EXERCISE INSTRUCTIONS –
After reading the entries below, copy word for word the lines from the first through the line containing "i c \<in> carrier", and stop there.

MATERIAL FOR THIS TASK –
====================
lemma Frob_rel_cong:
  assumes a: "a \<in> carrier (Rs (Suc i))" and c: "c \<in> carrier (Rs i)" and c': "c' \<in> carrier (Rs i)"
    and F: "Frob_rel i a c" and cc': "c' \<ominus>\<^bsub>Rs i\<^esub> c \<in> I0R i"
  shows "Frob_rel i a c'"
proof -
  interpret R: cring "Rs (Suc i)" by simp
  interpret L: ideal "I0R (Suc i)" "Rs (Suc i)" by (rule ideal_I0R)
  have closed: "ts i c \<in> carrier (Rs (Suc i))" "ts i c' \<in> carrier (Rs (Suc i))"
    "a [^]\<^bsub>Rs (Suc i)\<^esub> p \<in> carrier (Rs (Suc i))" using a c c' by simp_all
  have "ts i c' \<ominus>\<^bsub>Rs (Suc i)\<^esub> a [^]\<^bsub>Rs (Suc i)\<^esub> p =
      ts i (c' \<ominus>\<^bsub>Rs i\<^esub> c) \<oplus>\<^bsub>Rs (Suc i)\<^esub> (ts i c \<ominus>\<^bsub>Rs (Suc i)\<^esub> a [^]\<^bsub>Rs (Suc i)\<^esub> p)"
    unfolding ts_minus[OF c' c] using closed by algebra
  then show ?thesis
    using F cc' ts_I0R unfolding Frob_rel_def by (metis L.a_closed image_subset_iff)
qed
lemma tilt_carrier_iff:
  "x \<in> carrier (tilt p Rs ts I0 i) \<longleftrightarrow> (\<forall>j. x j \<in> carrier (Rbar Rs ts I0 (i + j))) \<and>
    (\<forall>j. Frob p Rs ts I0 (i + j) (x (Suc j)) = x j)"
  by (simp add: tilt_def)

lemma tilt_mult_cosets:
  "(\<And>j. v j \<in> carrier (Rs (i + j))) \<Longrightarrow> (\<And>j. w j \<in> carrier (Rs (i + j))) \<Longrightarrow>
    (\<lambda>j. I0R (i + j) +>\<^bsub>Rs (i + j)\<^esub> v j) \<otimes>\<^bsub>tilt p Rs ts I0 i\<^esub> (\<lambda>j. I0R (i + j) +>\<^bsub>Rs (i + j)\<^esub> w j) =
    (\<lambda>j. I0R (i + j) +>\<^bsub>Rs (i + j)\<^esub> (v j \<otimes>\<^bsub>Rs (i + j)\<^esub> w j))"
  by (simp add: tilt_def Rbar_mult_coset)

lemma tilt_add_cosets:
  "(\<And>j. v j \<in> carrier (Rs (i + j))) \<Longrightarrow> (\<And>j. w j \<in> carrier (Rs (i + j))) \<Longrightarrow>
    (\<lambda>j. I0R (i + j) +>\<^bsub>Rs (i + j)\<^esub> v j) \<oplus>\<^bsub>tilt p Rs ts I0 i\<^esub> (\<lambda>j. I0R (i + j) +>\<^bsub>Rs (i + j)\<^esub> w j) =
    (\<lambda>j. I0R (i + j) +>\<^bsub>Rs (i + j)\<^esub> (v j \<oplus>\<^bsub>Rs (i + j)\<^esub> w j))"
  by (simp add: tilt_def Rbar_add_coset)

lemma tilt_one: "\<one>\<^bsub>tilt p Rs ts I0 i\<^esub> = (\<lambda>j. I0R (i + j) +>\<^bsub>Rs (i + j)\<^esub> \<one>\<^bsub>Rs (i + j)\<^esub>)"
  by (simp add: tilt_def Rbar_one)
(* Let $1\le i\le n-1$ and $m\ge1$ be an integer, with the convention that $X^{(k)}=0$ for $k<0$. Then in ${\boldsymbol U}_{v}(\mathfrak q_n)$ (in fact in ${\boldsymbol U}_{v,\mathcal Z}$): \begin{align*} (1)\ &\mathsf E_{\bar i}\mathsf F_i^{(m)}=\mathsf F_i^{(m)}\mathsf E_{\bar i}-v^{1-m}\mathsf F_i^{(m-1)}\mathsf K_i\mathsf K_{\overline{i+1}}+v^{m-1}\mathsf F_i^{(m-1)}\mathsf K_{\bar i}\mathsf K_{i+1}-\mathsf F_i^{(m-2)}\mathsf K_i\mathsf K_{i+1}\mathsf F_{\bar i};\\ (2)\ &\mathsf E_i^{(m)}\mathsf F_{\bar i}=\mathsf F_{\bar i}\mathsf E_i^{(m)}+v^{m-1}\mathsf E_i^{(m-1)}\mathsf K_{\bar i}\mathsf K_{i+1}^{-1}-v^{-m+1}\mathsf E_i^{(m-1)}\mathsf K_{\overline{i+1}}\mathsf K_i^{-1}+\mathsf E_i^{(m-2)}\mathsf E_{\bar i}\mathsf K_{i+1}^{-1}\mathsf K_i^{-1};\\ (3)\ &\mathsf E_{\bar i}\mathsf E_{i+1}^{(m)}=v^m\mathsf E_{i+1}^{(m)}\mathsf E_{\bar i}+\mathsf E_{i+1}^{(m-1)}(\mathsf E_i\mathsf E_{\overline{i+1}}-v\mathsf E_{\overline{i+1}}\mathsf E_i)\quad(\text{here } i\le n-2). \end{align*}
   Context: Let $v$ be an indeterminate. The quantum queer superalgebra ${\boldsymbol U}_{v}(\mathfrak q_n)$ is the associative superalgebra over $\mathbb Q(v)$ generated by even generators $\mathsf K_i,\mathsf K_i^{-1}$ ($1\le i\le n$), $\mathsf E_j,\mathsf F_j$ ($1\le j\le n-1$) and odd generators $\mathsf K_{\bar i}$ ($1\le i\le n$), $\mathsf E_{\bar j},\mathsf F_{\bar j}$ ($1\le j\le n-1$), subject to the following relations (indices are taken only where they make sense), where $(\epsilon_i,\alpha_j)=\delta_{i,j}-\delta_{i,j+1}$: (QQ1) $\mathsf K_i\mathsf K_i^{-1}=\mathsf K_i^{-1}\mathsf K_i=1$, $\mathsf K_i\mathsf K_j=\mathsf K_j\mathsf K_i$, $\mathsf K_i\mathsf K_{\bar j}=\mathsf K_{\bar j}\mathsf K_i$, $\mathsf K_{\bar i}\mathsf K_{\bar j}+\mathsf K_{\bar j}\mathsf K_{\bar i}=2\delta_{i,j}\frac{\mathsf K_i^2-\mathsf K_i^{-2}}{v^2-v^{-2}}$. (QQ2) $\mathsf K_i\mathsf E_j=v^{(\epsilon_i,\alpha_j)}\mathsf E_j\mathsf K_i$, $\mathsf K_i\mathsf E_{\bar j}=v^{(\epsilon_i,\alpha_j)}\mathsf E_{\bar j}\mathsf K_i$, $\mathsf K_i\mathsf F_j=v^{-(\epsilon_i,\alpha_j)}\mathsf F_j\mathsf K_i$, $\mathsf K_i\mathsf F_{\bar j}=v^{-(\epsilon_i,\alpha_j)}\mathsf F_{\bar j}\mathsf K_i$. (QQ3) $\mathsf K_{\bar i}\mathsf E_i-v\mathsf E_i\mathsf K_{\bar i}=\mathsf E_{\bar i}\mathsf K_i^{-1}$, $v\mathsf K_{\bar i}\mathsf E_{i-1}-\mathsf E_{i-1}\mathsf K_{\bar i}=-\mathsf K_i^{-1}\mathsf E_{\overline{i-1}}$, $\mathsf K_{\bar i}\mathsf F_i-v\mathsf F_i\mathsf K_{\bar i}=-\mathsf F_{\bar i}\mathsf K_i$, $v\mathsf K_{\bar i}\mathsf F_{i-1}-\mathsf F_{i-1}\mathsf K_{\bar i}=\mathsf K_i\mathsf F_{\overline{i-1}}$, $\mathsf K_{\bar i}\mathsf E_{\bar i}+v\mathsf E_{\bar i}\mathsf K_{\bar i}=\mathsf E_i\mathsf K_i^{-1}$, $v\mathsf K_{\bar i}\mathsf E_{\overline{i-1}}+\mathsf E_{\overline{i-1}}\mathsf K_{\bar i}=\mathsf K_i^{-1}\mathsf E_{i-1}$, $\mathsf K_{\bar i}\mathsf F_{\bar i}+v\mathsf F_{\bar i}\mathsf K_{\bar i}=\mathsf F_i\mathsf K_i$, $v\mathsf K_{\bar i}\mathsf F_{\overline{i-1}}+\mathsf F_{\overline{i-1}}\mathsf K_{\bar i}=\mathsf K_i\mathsf F_{i-1}$, and for $j\ne i,i-1$: $\mathsf K_{\bar i}\mathsf E_j=\mathsf E_j\mathsf K_{\bar i}$, $\mathsf K_{\bar i}\mathsf F_j=\mathsf F_j\mathsf K_{\bar i}$, $\mathsf K_{\bar i}\mathsf E_{\bar j}=-\mathsf E_{\bar j}\mathsf K_{\bar i}$, $\mathsf K_{\bar i}\mathsf F_{\bar j}=-\mathsf F_{\bar j}\mathsf K_{\bar i}$. (QQ4) $\mathsf E_i\mathsf F_j-\mathsf F_j\mathsf E_i=\delta_{i,j}\frac{\mathsf K_i\mathsf K_{i+1}^{-1}-\mathsf K_i^{-1}\mathsf K_{i+1}}{v-v^{-1}}$, $\mathsf E_{\bar i}\mathsf F_{\bar j}+\mathsf F_{\bar j}\mathsf E_{\bar i}=\delta_{i,j}\big(\frac{\mathsf K_i\mathsf K_{i+1}-\mathsf K_i^{-1}\mathsf K_{i+1}^{-1}}{v-v^{-1}}+(v-v^{-1})\mathsf K_{\bar i}\mathsf K_{\overline{i+1}}\big)$, $\mathsf E_i\mathsf F_{\bar j}-\mathsf F_{\bar j}\mathsf E_i=\delta_{i,j}(\mathsf K_{i+1}^{-1}\mathsf K_{\bar i}-\mathsf K_{\overline{i+1}}\mathsf K_i^{-1})$, $\mathsf E_{\bar i}\mathsf F_j-\mathsf F_j\mathsf E_{\bar i}=\delta_{i,j}(\mathsf K_{i+1}\mathsf K_{\bar i}-\mathsf K_{\overline{i+1}}\mathsf K_i)$. (QQ5) $\mathsf E_{\bar i}^2=-\frac{v-v^{-1}}{v+v^{-1}}\mathsf E_i^2$, $\mathsf F_{\bar i}^2=\frac{v-v^{-1}}{v+v^{-1}}\mathsf F_i^2$; for $|i-j|\ne1$: $\mathsf E_i\mathsf E_{\bar j}=\mathsf E_{\bar j}\mathsf E_i$, $\mathsf F_i\mathsf F_{\bar j}=\mathsf F_{\bar j}\mathsf F_i$; for $|i-j|>1$: $\mathsf E_i\mathsf E_j=\mathsf E_j\mathsf E_i$, $\mathsf F_i\mathsf F_j=\mathsf F_j\mathsf F_i$, $\mathsf E_{\bar i}\mathsf E_{\bar j}=-\mathsf E_{\bar j}\mathsf E_{\bar i}$, $\mathsf F_{\bar i}\mathsf F_{\bar j}=-\mathsf F_{\bar j}\mathsf F_{\bar i}$; $\mathsf E_i\mathsf E_{i+1}-v\mathsf E_{i+1}\mathsf E_i=\mathsf E_{\bar i}\mathsf E_{\overline{i+1}}+v\mathsf E_{\overline{i+1}}\mathsf E_{\bar i}$, $\mathsf E_i\mathsf E_{\overline{i+1}}-v\mathsf E_{\overline{i+1}}\mathsf E_i=\mathsf E_{\bar i}\mathsf E_{i+1}-v\mathsf E_{i+1}\mathsf E_{\bar i}$, $\mathsf F_i\mathsf F_{i+1}-v\mathsf F_{i+1}\mathsf F_i=-(\mathsf F_{\bar i}\mathsf F_{\overline{i+1}}+v\mathsf F_{\overline{i+1}}\mathsf F_{\bar i})$, $\mathsf F_i\mathsf F_{\overline{i+1}}-v\mathsf F_{\overline{i+1}}\mathsf F_i=\mathsf F_{\bar i}\mathsf F_{i+1}-v\mathsf F_{i+1}\mathsf F_{\bar i}$. (QQ6) for $|i-j|=1$: $\mathsf E_i^2X-(v+v^{-1})\mathsf E_iX\mathsf E_i+X\mathsf E_i^2=0$ for $X\in\{\mathsf E_j,\mathsf E_{\bar j}\}$ and $\mathsf F_i^2Y-(v+v^{-1})\mathsf F_iY\mathsf F_i+Y\mathsf F_i^2=0$ for $Y\in\{\mathsf F_j,\mathsf F_{\bar j}\}$. Notation: $[m]_v=\frac{v^m-v^{-m}}{v-v^{-1}}$, $[m]_v^!=[m]_v[m-1]_v\cdots[1]_v$, $[0]_v^!=1$, and $X^{(m)}=X^m/[m]_v^!$ for $m\ge0$. ${\boldsymbol U}_{v,\mathcal Z}$ denotes the $\mathbb Z[v,v^{-1}]$-subsuperalgebra of ${\boldsymbol U}_{v}(\mathfrak q_n)$ generated by $\mathsf K_i^{\pm1}$, $\prod_{s=1}^t\frac{\mathsf K_iv^{1-s}-\mathsf K_i^{-1}v^{s-1}}{v^s-v^{-s}}$, $\mathsf K_{\bar i}$, $\mathsf E_j^{(m)},\mathsf F_j^{(m)},\mathsf E_{\bar j},\mathsf F_{\bar j}$. *)

theory Defs
  imports "HOL-Computational_Algebra.Polynomial" "HOL-Computational_Algebra.Fraction_Field"
begin
(* Let $1\le k\le n$ be integers, $\boldsymbol c\in\mathbb{R}^n$, and $\boldsymbol E\in\mathbb{R}^{n\times d}$ with unit-norm rows $\boldsymbol e_1,\dots,\boldsymbol e_n$ satisfying $\boldsymbol e_i^{\mathsf T}\boldsymbol e_j>-1$ for all $i\ne j$. Let $\lambda\ge 2$, $\theta\in[0,1)$, and $$f(\boldsymbol x)=\theta\,(k-1)\,\boldsymbol c^{\mathsf T}\boldsymbol x+(1-\theta)\,\boldsymbol x^{\mathsf T}(\lambda \boldsymbol I-\boldsymbol E\boldsymbol E^{\mathsf T})\boldsymbol x ,$$ considered on the feasible set $P=\{\boldsymbol x\in[0,1]^n:\boldsymbol 1^{\mathsf T}\boldsymbol x=k\}$. Then every stationary point $\boldsymbol x\in P$ of $\max_{P} f$ is either a local maximizer of $f$ on $P$, or a strict saddle in the following sense: there exist distinct indices $i,j$ and $\delta>0$ such that $\boldsymbol x+\delta(\boldsymbol e^{(i)}-\boldsymbol e^{(j)})\in P$, $\partial_i f(\boldsymbol x)=\partial_j f(\boldsymbol x)$, and the curvature $(\boldsymbol e^{(i)}-\boldsymbol e^{(j)})^{\mathsf T}\nabla^2 f\,(\boldsymbol e^{(i)}-\boldsymbol e^{(j)})=4(1-\theta)(\lambda-1+\boldsymbol e_i^{\mathsf T}\boldsymbol e_j)$ is strictly positive, so that $f(\boldsymbol x+\delta(\boldsymbol e^{(i)}-\boldsymbol e^{(j)}))>f(\boldsymbol x)$. Furthermore, every local maximizer of $f$ on $P$ is integral, i.e. lies in $\{0,1\}^n$.
   Context: Here $\boldsymbol e^{(i)}$ denotes the $i$-th standard basis vector of $\mathbb{R}^n$ (distinct from the row $\boldsymbol e_i$ of $\boldsymbol E$). A stationary point is a KKT point of $\max_P f$: there is $\mu\in\mathbb{R}$ with $\partial_i f(\boldsymbol x)\le\mu$ whenever $x_i=0$, $\partial_i f(\boldsymbol x)\ge\mu$ whenever $x_i=1$, and $\partial_i f(\boldsymbol x)=\mu$ whenever $0<x_i<1$. A local maximizer is a point $\boldsymbol x^\ast\in P$ with $f(\boldsymbol x)\le f(\boldsymbol x^\ast)$ for all $\boldsymbol x\in P$ in some neighborhood of $\boldsymbol x^\ast$. *)

theory Defs
  imports "HOL-Analysis.Analysis"
begin

definition feasible :: "nat \<Rightarrow> (real ^ 'n) set" where
  "feasible k = {x. (\<forall>i. 0 \<le> x $ i \<and> x $ i \<le> 1) \<and> (\<Sum>i\<in>UNIV. x $ i) = real k}"

text \<open>Objective f(x) = theta (k-1) c^T x + (1-theta) x^T (lam I - E E^T) x, where the rows
  of E are e i, so (E E^T)_{ij} = e i \<bullet> e j.\<close>
definition obj :: "nat \<Rightarrow> real \<Rightarrow> real \<Rightarrow> real ^ 'n \<Rightarrow> ('n \<Rightarrow> real ^ 'd) \<Rightarrow> real ^ 'n \<Rightarrow> real" where
  "obj k lam \<theta> c e x =
     \<theta> * (real k - 1) * (c \<bullet> x)
     + (1 - \<theta>) * (\<Sum>i\<in>UNIV. \<Sum>j\<in>UNIV.
          x $ i * ((if i = j then lam else 0) - e i \<bullet> e j) * x $ j)"
text \<open>On characters, \<open>\<partial>\<^sub>e\<^sub>,\<^sub>p\<close> sends \<open>\<chi>\<^sup>m\<close> to \<open>\<langle>m,p\<rangle>\<chi>\<^sup>m\<^sup>+\<^sup>e\<close>, so it vanishes on the orbit
  closure iff no \<open>m \<in> \<sigma>\<^sup>\<or>\<^sub>M\<close> with \<open>\<langle>m,p\<rangle> \<noteq> 0\<close> has \<open>m + e \<in> \<tau>\<^sup>\<bottom>\<close>. A ray \<open>\<rho>\<close> of \<open>\<tau>\<close> with
  \<open>\<langle>e,\<rho>\<rangle> > 0\<close> excludes this, as \<open>\<langle>m+e,\<rho>\<rangle> > 0\<close>; for type I so does \<open>p \<in> span \<tau>\<close>, since
  then \<open>e \<in> \<sigma>\<^sup>\<or>\<close> forces \<open>m \<perp> \<tau>\<close>. Conversely, if \<open>e \<le> 0\<close> on the rays of \<open>\<tau>\<close>, hence on \<open>\<tau>\<close>
  (a pointed cone is generated by its rays), a witness is \<open>m = jU + W\<close> for an integral
  functional \<open>U\<close> cutting out \<open>\<tau>\<close> and \<open>j \<gg> 0\<close>: in type I \<open>W\<close> is a Farkas certificate
  vanishing on \<open>\<tau>\<close> but not on \<open>p\<close>; in type II \<open>W = -e\<close> if \<open>\<langle>U,\<rho>\<^sub>e\<rangle> = 0\<close>, and otherwise
  \<open>m = U\<close> works because homogeneity gives \<open>U + e \<in> \<sigma>\<^sup>\<or>\<close>.\<close>

lemma qpair_add_right[simp]: "qpair u (x + y) = qpair u x + qpair u y"
  by (simp add: qpair_def distrib_left sum.distrib)
lemma qpair_diff_right[simp]: "qpair u (x - y) = qpair u x - qpair u y"
  by (simp add: qpair_def right_diff_distrib sum_subtractf)
lemma qpair_diff_left[simp]: "qpair (u - v) x = qpair u x - qpair v x"
  by (simp add: qpair_def left_diff_distrib sum_subtractf)
lemma qpair_neg_right[simp]: "qpair u (- x) = - qpair u x"
  by (simp add: qpair_def sum_negf)
lemma qpair_neg_left[simp]: "qpair (- u) x = - qpair u x"
  by (simp add: qpair_def sum_negf)
lemma qpair_zero_right[simp]: "qpair u 0 = 0"
  by (simp add: qpair_def)
lemma qpair_scale_right[simp]: "qpair u (qscale c x) = c * qpair u x"
  by (simp add: qpair_def qscale_def sum_distrib_left algebra_simps)
lemma qpair_scale_left[simp]: "qpair (qscale c u) x = c * qpair u x"
  by (simp add: qpair_def qscale_def sum_distrib_left algebra_simps)
lemma qpair_sum_right: "qpair u (sum f F) = (\<Sum>v\<in>F. qpair u (f v))"
  by (simp add: qpair_def sum_distrib_left sum.swap[of _ F])
lemma qpair_sum_left: "qpair (sum f F) x = (\<Sum>v\<in>F. qpair (f v) x)"
  by (simp add: qpair_def sum_distrib_right sum.swap[of _ F])

lemma qpair_self_pos:
  assumes "x \<noteq> 0"
  shows "qpair x x > 0"
proof -
  obtain i where i: "x $ i \<noteq> 0" using assms by (auto simp: vec_eq_iff)
  have "x $ i * x $ i \<le> qpair x x" unfolding qpair_def
    by (rule member_le_sum) auto
  moreover have "x $ i * x $ i > 0" using i by (cases "x $ i > 0") (auto simp: mult_neg_neg)
  ultimately show ?thesis by simp
qed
====================
SOLUTION TO THIS TASK –
lemma Frob_rel_cong:
  assumes a: "a \<in> carrier (Rs (Suc i))" and c: "c \<in> carrier (Rs i)" and c': "c' \<in> carrier (Rs i)"
    and F: "Frob_rel i a c" and cc': "c' \<ominus>\<^bsub>Rs i\<^esub> c \<in> I0R i"
  shows "Frob_rel i a c'"
proof -
  interpret R: cring "Rs (Suc i)" by simp
  interpret L: ideal "I0R (Suc i)" "Rs (Suc i)" by (rule ideal_I0R)
  have closed: "ts i c \<in> carrier (Rs (Suc i))" "ts i c' \<in> carrier (Rs (Suc i))"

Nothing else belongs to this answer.